Soon enough, Tom Paulin's anti-Semitism problem became a problem for Harvard. Sometime between the publication of “Killed in Crossfire” and the
Al-Ahram
interview, the Harvard English department invited Paulin to campus to deliver the Morris Gray Lecture, an annual reading. In November 2002, about seven weeks after Summers' anti-Semitism talk, the fracas over Tom Paulin came to Harvard.

Three professors had chosen Paulin for the honor. One was Helen Vendler, probably the doyenne of American poetry critics and a University Professor, just as Cornel West had been. The other inviters were poets named Jorie Graham and Peter Sacks. Graham and Sacks are partners both in life and in politics; they are one of Harvard's more left-wing couples.
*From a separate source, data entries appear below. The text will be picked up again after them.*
lemma set_integrable_cmod_sq_iff:
  "set_integrable M S (\<lambda>x. (cmod (w x))^2) \<longleftrightarrow> integrable M (\<lambda>x. (indicator S x * cmod (w x))^2)"
  unfolding set_integrable_def by (intro Bochner_Integration.integrable_cong) (auto split: split_indicator)

lemma set_integral_cmod_sq_eq:
  "(LINT x:S|M. (cmod (w x))^2) = (\<integral>x. (indicator S x * cmod (w x))^2 \<partial>M)"
  unfolding set_lebesgue_integral_def by (intro Bochner_Integration.integral_cong) (auto split: split_indicator)

lemma L2_dist_circle_eq:
  "L2_dist_circle f g = sqrt (\<integral>x. (indicator {-pi..pi} x * cmod (f x - g x))^2 \<partial>lborel) / sqrt (2 * pi)"
  unfolding L2_dist_circle_def set_integral_cmod_sq_eq by (simp add: real_sqrt_divide)

lemma L2_dist_circle_commute: "L2_dist_circle f g = L2_dist_circle g f"
  unfolding L2_dist_circle_def by (simp add: norm_minus_commute)

lemma L2_dist_circle_nonneg: "0 \<le> L2_dist_circle f g"
  unfolding L2_dist_circle_def set_integral_cmod_sq_eq by (simp add: integral_nonneg_AE)

lemma set_integral_cmod_diff_sq:
  "(LINT x:{-pi..pi}|lborel. (cmod (f x - g x))^2) = 2 * pi * (L2_dist_circle f g)^2"
  unfolding L2_dist_circle_def set_integral_cmod_sq_eq by (simp add: integral_nonneg_AE)

lemma L2_circle_diff:
  assumes f: "L2_circle f" and g: "L2_circle g"
  shows "L2_circle (\<lambda>x. f x - g x)"
proof -
  let ?I = "indicator {-pi..pi} :: real \<Rightarrow> real"
  have [measurable]: "f \<in> borel_measurable borel" "g \<in> borel_measurable borel"
    using f g unfolding L2_circle_def by auto
  have "integrable lborel (\<lambda>x. (?I x * cmod (f x) + ?I x * cmod (g x))^2)"
    using f g unfolding L2_circle_def set_integrable_cmod_sq_iff by (intro Minkowski_integral) auto
  then have "integrable lborel (\<lambda>x. (?I x * cmod (f x - g x))^2)"
  proof (rule Bochner_Integration.integrable_bound)
    show "AE x in lborel. norm ((?I x * cmod (f x - g x))^2) \<le> norm ((?I x * cmod (f x) + ?I x * cmod (g x))^2)"
      using norm_triangle_ineq4[of "f _" "g _"]
      by (intro AE_I2) (auto simp: indicator_def intro!: power_mono)
  qed measurable
  then show ?thesis
    using f g unfolding L2_circle_def set_integrable_cmod_sq_iff by auto
qed

lemma L2_dist_circle_triangle:
  assumes f: "L2_circle f" and g: "L2_circle g" and h: "L2_circle h"
  shows "L2_dist_circle f h \<le> L2_dist_circle f g + L2_dist_circle g h"
proof -
  let ?I = "indicator {-pi..pi} :: real \<Rightarrow> real"
  define u where "u x = ?I x * cmod (f x - g x)" for x
  define v where "v x = ?I x * cmod (g x - h x)" for x
  have integrable_sq: "integrable lborel (\<lambda>x. (?I x * cmod (a x - b x))^2)"
    if "L2_circle a" "L2_circle b" for a b
    using L2_circle_diff[OF that] unfolding L2_circle_def set_integrable_cmod_sq_iff by simp
  have [measurable]: "u \<in> borel_measurable lborel" "v \<in> borel_measurable lborel"
    using f g h unfolding u_def v_def L2_circle_def by auto
  have "integrable lborel (\<lambda>x. (u x)^2)" "integrable lborel (\<lambda>x. (v x)^2)"
    unfolding u_def v_def using integrable_sq f g h by auto
  note uv = Minkowski_integral[OF \<open>u \<in> _\<close> \<open>v \<in> _\<close> this]
  have "(\<integral>x. (?I x * cmod (f x - h x))^2 \<partial>lborel) \<le> (\<integral>x. (u x + v x)^2 \<partial>lborel)"
  proof (rule integral_mono[OF integrable_sq[OF f h] uv(1)])
    fix x
    have "cmod (f x - h x) \<le> cmod (f x - g x) + cmod (g x - h x)"
      using norm_triangle_ineq[of "f x - g x" "g x - h x"] by simp
    then show "(?I x * cmod (f x - h x))^2 \<le> (u x + v x)^2"
      by (auto simp: u_def v_def indicator_def intro!: power_mono)
  qed
  then have "sqrt (\<integral>x. (?I x * cmod (f x - h x))^2 \<partial>lborel) \<le> sqrt (\<integral>x. (u x)^2 \<partial>lborel) + sqrt (\<integral>x. (v x)^2 \<partial>lborel)"
    using uv(2) real_sqrt_le_mono by (blast intro: order_trans)
  then show ?thesis
    unfolding L2_dist_circle_eq u_def v_def by (simp add: add_divide_distrib[symmetric] divide_right_mono)
qed

lemma nn_integral_translate:
  fixes F :: "real \<Rightarrow> ennreal"
  assumes "F \<in> borel_measurable borel"
  shows "(\<integral>\<^sup>+x. F (x + c) \<partial>lborel) = (\<integral>\<^sup>+x. F x \<partial>lborel)"
  using nn_integral_real_affine[OF assms, of 1 c] by (simp add: add.commute)

lemma nn_integral_periodic_shift_interval:
  fixes F :: "real \<Rightarrow> ennreal"
  assumes [measurable]: "F \<in> borel_measurable borel" and per: "\<And>x. F (x + p) = F x"
  shows "(\<integral>\<^sup>+x. F x * indicator {a..<b} x \<partial>lborel) = (\<integral>\<^sup>+x. F x * indicator {a+p..<b+p} x \<partial>lborel)"
proof -
  have "(\<integral>\<^sup>+x. F x * indicator {a+p..<b+p} x \<partial>lborel) = (\<integral>\<^sup>+x. F (x + p) * indicator {a+p..<b+p} (x + p) \<partial>lborel)"
    by (rule nn_integral_translate[symmetric]) measurable
  also have "\<dots> = (\<integral>\<^sup>+x. F x * indicator {a..<b} x \<partial>lborel)"
    using per by (intro nn_integral_cong) (auto simp: indicator_def)
  finally show ?thesis ..
qed

lemma nn_integral_periodic_period_start:
  fixes F :: "real \<Rightarrow> ennreal"
  assumes [measurable]: "F \<in> borel_measurable borel" and per: "\<And>x. F (x + p) = F x"
    and ab: "a \<le> b" "b \<le> a + p"
  shows "(\<integral>\<^sup>+x. F x * indicator {a..<a+p} x \<partial>lborel) = (\<integral>\<^sup>+x. F x * indicator {b..<b+p} x \<partial>lborel)"
proof -
  have split: "F x * indicator {c..<e} x = F x * indicator {c..<d} x + F x * indicator {d..<e} x"
    if "c \<le> d" "d \<le> e" for c d e x
    using that by (simp add: distrib_left[symmetric] indicator_add ivl_disj_un_two(3) ivl_disj_int_two(3))
  have "(\<integral>\<^sup>+x. F x * indicator {a..<a+p} x \<partial>lborel)
      = (\<integral>\<^sup>+x. F x * indicator {a..<b} x \<partial>lborel) + (\<integral>\<^sup>+x. F x * indicator {b..<a+p} x \<partial>lborel)"
    using ab by (simp add: split[of a b "a+p"] nn_integral_add)
  also have "\<dots> = (\<integral>\<^sup>+x. F x * indicator {a+p..<b+p} x \<partial>lborel) + (\<integral>\<^sup>+x. F x * indicator {b..<a+p} x \<partial>lborel)"
    using nn_integral_periodic_shift_interval[of F p a b, OF _ per] by simp
  also have "\<dots> = (\<integral>\<^sup>+x. F x * indicator {b..<b+p} x \<partial>lborel)"
    using ab by (simp add: split[of b "a+p" "b+p"] nn_integral_add add.commute)
  finally show ?thesis .
qed

lemma nn_integral_periodic_translate:
  fixes F :: "real \<Rightarrow> ennreal"
  assumes [measurable]: "F \<in> borel_measurable borel" and per: "\<And>x. F (x + p) = F x"
    and t: "\<bar>t\<bar> \<le> p"
  shows "(\<integral>\<^sup>+x. F (x - t) * indicator {a..a+p} x \<partial>lborel) = (\<integral>\<^sup>+x. F x * indicator {a..a+p} x \<partial>lborel)"
proof -
  have closed_eq_half_open: "AE x in lborel. H x * indicator {a..a+p} x = H x * indicator {a..<a+p} x"
    for H :: "real \<Rightarrow> ennreal"
    using AE_lborel_singleton[of "a+p"] by eventually_elim (auto simp: indicator_def)
  have "(\<integral>\<^sup>+x. F (x - t) * indicator {a..a+p} x \<partial>lborel) = (\<integral>\<^sup>+x. F (x - t) * indicator {a..<a+p} x \<partial>lborel)"
    by (rule nn_integral_cong_AE[OF closed_eq_half_open])
  also have "\<dots> = (\<integral>\<^sup>+x. F (x - t) * indicator {(a-t)+t..<(a-t)+p+t} (x - t + t) \<partial>lborel)"
    by simp
  also have "\<dots> = (\<integral>\<^sup>+x. F x * indicator {a-t..<(a-t)+p} x \<partial>lborel)"
    using nn_integral_translate[of "\<lambda>y. F y * indicator {a-t..<(a-t)+p} y" "-t"]
    by (simp add: indicator_def)
  also have "\<dots> = (\<integral>\<^sup>+x. F x * indicator {a..<a+p} x \<partial>lborel)"
  proof (cases "0 \<le> t")
    case True
    then show ?thesis using t by (intro nn_integral_periodic_period_start[of F p, OF _ per]) auto
  next
    case False
    then show ?thesis using t by (intro nn_integral_periodic_period_start[of F p, OF _ per, symmetric]) auto
  qed
  also have "\<dots> = (\<integral>\<^sup>+x. F x * indicator {a..a+p} x \<partial>lborel)"
    by (rule nn_integral_cong_AE[OF closed_eq_half_open, symmetric])
  finally show ?thesis .
qed

lemma set_integral_cmod_sq_translate:
  assumes f: "L2_circle f" and t: "\<bar>t\<bar> \<le> 2 * pi"
  shows "set_integrable lborel {-pi..pi} (\<lambda>x. (cmod (f (x - t)))^2)"
    and "(LINT x:{-pi..pi}|lborel. (cmod (f (x - t)))^2) = (LINT x:{-pi..pi}|lborel. (cmod (f x))^2)"
proof -
  have [measurable]: "f \<in> borel_measurable borel"
    and f_int: "integrable lborel (\<lambda>x. indicator {-pi..pi} x * (cmod (f x))^2)"
    using f unfolding L2_circle_def set_integrable_def by auto
  define F where "F x = ennreal ((cmod (f x))^2)" for x
  have [measurable]: "F \<in> borel_measurable borel" unfolding F_def by measurable
  have F_per: "F (x + 2 * pi) = F x" for x
    using f unfolding L2_circle_def F_def by simp
  have "(\<integral>\<^sup>+x. ennreal (indicator {-pi..pi} x * (cmod (f (x - t)))^2) \<partial>lborel)
      = (\<integral>\<^sup>+x. F (x - t) * indicator {-pi..-pi + 2 * pi} x \<partial>lborel)"
    by (intro nn_integral_cong) (auto simp: F_def indicator_def)
  also have "\<dots> = (\<integral>\<^sup>+x. F x * indicator {-pi..-pi + 2 * pi} x \<partial>lborel)"
    using t by (intro nn_integral_periodic_translate F_per) auto
  also have "\<dots> = (\<integral>\<^sup>+x. ennreal (indicator {-pi..pi} x * (cmod (f x))^2) \<partial>lborel)"
    by (intro nn_integral_cong) (auto simp: F_def indicator_def)
  also have "\<dots> = ennreal (LINT x:{-pi..pi}|lborel. (cmod (f x))^2)"
    unfolding set_lebesgue_integral_def by (simp add: nn_integral_eq_integral[OF f_int])
  finally have nn_eq: "(\<integral>\<^sup>+x. ennreal (indicator {-pi..pi} x * (cmod (f (x - t)))^2) \<partial>lborel)
      = ennreal (LINT x:{-pi..pi}|lborel. (cmod (f x))^2)" .
  have shifted_int: "integrable lborel (\<lambda>x. indicator {-pi..pi} x * (cmod (f (x - t)))^2)"
    by (rule integrableI_nn_integral_finite[OF _ _ nn_eq]) auto
  then show "set_integrable lborel {-pi..pi} (\<lambda>x. (cmod (f (x - t)))^2)"
    by (simp add: set_integrable_def)
  have "ennreal (LINT x:{-pi..pi}|lborel. (cmod (f (x - t)))^2) = ennreal (LINT x:{-pi..pi}|lborel. (cmod (f x))^2)"
    using nn_integral_eq_integral[OF shifted_int] nn_eq by (simp add: set_lebesgue_integral_def)
  then show "(LINT x:{-pi..pi}|lborel. (cmod (f (x - t)))^2) = (LINT x:{-pi..pi}|lborel. (cmod (f x))^2)"
    by (simp add: set_integral_cmod_sq_eq)
qed

lemma L2_circle_translate:
  assumes "L2_circle f" "\<bar>t\<bar> \<le> 2 * pi"
  shows "L2_circle (\<lambda>x. f (x - t))"
proof -
  have [measurable]: "f \<in> borel_measurable borel" using assms(1) by (simp add: L2_circle_def)
  have "f (x - t + 2 * pi) = f (x - t)" for x
    using assms(1) unfolding L2_circle_def by blast
  then have "(\<lambda>x. f (x - t)) (x + 2 * pi) = f (x - t)" for x
    by (simp add: algebra_simps)
  moreover have "(\<lambda>x. f (x - t)) \<in> borel_measurable borel" by measurable
  ultimately show ?thesis
    using set_integral_cmod_sq_translate(1)[OF assms] unfolding L2_circle_def by blast
qed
But none of the three professors, they would all insist later, had been aware of “Killed in Crossfire” when they invited Paulin to speak, nor had they read or heard about the
Al-Ahram
remarks.

Someone else, however, was aware of Paulin's feelings toward Israel—a Harvard lecturer named Rita Goldberg. When she received an e-mail invitation to the Paulin lecture, Goldberg was shocked that it said nothing of his controversial background. And though Goldberg was not particularly influential on campus—lecturers are non–tenure track teachers hired for three years to fill in curricular gaps—she was married to someone who was: Professor Oliver Hart, then the chairman of the economics department. On Thursday, November 7, just a week before Paulin was scheduled to lecture, Goldberg and Hart attended the annual department dinner. Economics is Harvard's most popular undergraduate concentration, and as a sign of the department's wealth and status, the dinner was held at Harvard's imposing Fogg Art Museum. Larry Summers was on hand, and Goldberg buttonholed the president to tell him about the poet whom the English department had invited to campus. “That sounds pretty bad,” Goldberg recalled Summers saying. She suggested to Summers that the English department either disinvite Paulin or publicize his remarks on Israel. Summers cautioned her that opposition to the event would raise issues of free speech.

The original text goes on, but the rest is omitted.